**What you will do**
Output exactly the line that includes "a \<longleftrightarrow> Add" and all the lines after it through the end of the listing below, and nothing more.

**Exercise input**
---+---

(* Let $M$ be a system execution satisfying the Lazy Set axioms A0, A1, A2, and let $\Rightarrow$ be the relation defined in the context. Then the relation $<'\;=\;(<\cup\Rightarrow)$ (i.e. $a<'b$ iff $a<b$ or $a\Rightarrow b$) contains no cycles: there is no sequence of events $X_0<'X_1<'\cdots<'X_n$ with $n\ge1$ and $X_0=X_n$.
   Context: A system execution $M$ consists of: a set of events, partitioned into low-level events (actions) and high-level events; unary predicates $\mathrm{Add},\mathrm{Rem},\mathrm{Cnt}$ on events; a partial order $<$ on events in which every event has finitely many predecessors (and Lamport's finiteness property: for every event $x$ there is a finite set $E$ with $x<y$ for all events $y\notin E$); functions $\mathrm{Begin},\mathrm{End}$ from events to actions with $\mathrm{Begin}(e)=\mathrm{End}(e)=e$ for actions $e$; functions $\chi$ (events $\to\{0,1,f\}$), $\mathrm{val}$ (events $\to\mathbb N$), $\gamma$ (events $\to$ events). For events $X,Y$, $X<Y$ iff $\mathrm{End}(X)<\mathrm{Begin}(Y)$. Notation: $\mathrm{Add}^p(a)$ abbreviates $\mathrm{Add}(a)\wedge\chi(a)=p$, similarly $\mathrm{Rem}^p,\mathrm{Cnt}^p$; $\mathrm{Op}^p(a)$ abbreviates $(\mathrm{Add}(a)\vee\mathrm{Rem}(a)\vee\mathrm{Cnt}(a))\wedge\chi(a)=p$ for $p\in\{0,1\}$. A0: $\mathrm{Add},\mathrm{Rem},\mathrm{Cnt}$ pairwise disjoint; $\mathrm{Add},\mathrm{Rem}$ events are actions, $\mathrm{Cnt}$ events are high-level; $\mathrm{Begin}(X),\mathrm{End}(X)$ are actions; for $\mathrm{Cnt}$ events $E$, $\mathrm{Begin}(E)<\mathrm{End}(E)$; $<$ restricted to actions is linear. A1: for every $A$ with $\mathrm{Op}^1(A)$: $\mathrm{Add}^0(\gamma(A))$, $\mathrm{val}(\gamma(A))=\mathrm{val}(A)$, $\gamma(A)<\mathrm{End}(A)$, and no $R$ has $\mathrm{Rem}^1(R)$, $\gamma(R)=\gamma(A)$, $\gamma(A)<R<A$. A2: if $\mathrm{Op}^0(B)$, $\mathrm{Add}^0(A)$, $A<B$, $\mathrm{val}(A)=\mathrm{val}(B)$, then some $R$ has $\mathrm{Rem}^1(R)$, $A=\gamma(R)$, $R<\mathrm{End}(B)$. The relation $\Rightarrow$ on events holds exactly in the following cases: (1) for every $\mathrm{Cnt}^1$ event $C$: $\gamma(C)\Rightarrow C$, and $C\Rightarrow R$ for every $R$ with $\mathrm{Rem}^1(R)$ and $\gamma(R)=\gamma(C)$; (2) $R\Rightarrow C$ whenever $\mathrm{Cnt}^0(C)$, $\mathrm{Rem}^1(R)$, $\mathrm{val}(R)=\mathrm{val}(C)$, not $C<R$, and $\gamma(R)<C$; (3) $C\Rightarrow A$ whenever $\mathrm{Cnt}^0(C)$, $\mathrm{Add}^0(A)$, $\mathrm{val}(C)=\mathrm{val}(A)$ and not $A<C$. *)

theory Defs
  imports Main
begin

datatype chival = X0 | X1 | Xf

text \<open>A (candidate) system execution. The set of events is the whole type 'e.
  act e means that e is a low-level event (action); all other events are high-level.\<close>
record 'e sysexec =
  act   :: "'e \<Rightarrow> bool"
  Add   :: "'e \<Rightarrow> bool"
  Rem   :: "'e \<Rightarrow> bool"
  Cnt   :: "'e \<Rightarrow> bool"
  prec  :: "'e \<Rightarrow> 'e \<Rightarrow> bool"
  Begin :: "'e \<Rightarrow> 'e"
  End   :: "'e \<Rightarrow> 'e"
  chi   :: "'e \<Rightarrow> chival"
  val   :: "'e \<Rightarrow> nat"
  gamma :: "'e \<Rightarrow> 'e"

definition system_execution :: "'e sysexec \<Rightarrow> bool" where
  "system_execution M \<longleftrightarrow>
     (\<forall>x. \<not> prec M x x) \<and>
     (\<forall>x y z. prec M x y \<longrightarrow> prec M y z \<longrightarrow> prec M x z) \<and>
     (\<forall>x. finite {y. prec M y x}) \<and>
     (\<forall>x. \<exists>E. finite E \<and> (\<forall>y. y \<notin> E \<longrightarrow> prec M x y)) \<and>
     (\<forall>e. act M e \<longrightarrow> Begin M e = e \<and> End M e = e) \<and>
     (\<forall>X Y. prec M X Y \<longleftrightarrow> prec M (End M X) (Begin M Y))"

definition Add_p :: "'e sysexec \<Rightarrow> chival \<Rightarrow> 'e \<Rightarrow> bool" where
  "Add_p M p a \<longleftrightarrow> Add M a \<and> chi M a = p"
definition Rem_p :: "'e sysexec \<Rightarrow> chival \<Rightarrow> 'e \<Rightarrow> bool" where
  "Rem_p M p a \<longleftrightarrow> Rem M a \<and> chi M a = p"
definition Cnt_p :: "'e sysexec \<Rightarrow> chival \<Rightarrow> 'e \<Rightarrow> bool" where
  "Cnt_p M p a \<longleftrightarrow> Cnt M a \<and> chi M a = p"
definition Op_p :: "'e sysexec \<Rightarrow> chival \<Rightarrow> 'e \<Rightarrow> bool" where
  "Op_p M p a \<longleftrightarrow> (Add M a \<or> Rem M a \<or> Cnt M a) \<and> chi M a = p"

---+---

**Exercise answer**
  "Add_p M p a \<longleftrightarrow> Add M a \<and> chi M a = p"
definition Rem_p :: "'e sysexec \<Rightarrow> chival \<Rightarrow> 'e \<Rightarrow> bool" where
  "Rem_p M p a \<longleftrightarrow> Rem M a \<and> chi M a = p"
definition Cnt_p :: "'e sysexec \<Rightarrow> chival \<Rightarrow> 'e \<Rightarrow> bool" where
  "Cnt_p M p a \<longleftrightarrow> Cnt M a \<and> chi M a = p"
definition Op_p :: "'e sysexec \<Rightarrow> chival \<Rightarrow> 'e \<Rightarrow> bool" where
  "Op_p M p a \<longleftrightarrow> (Add M a \<or> Rem M a \<or> Cnt M a) \<and> chi M a = p"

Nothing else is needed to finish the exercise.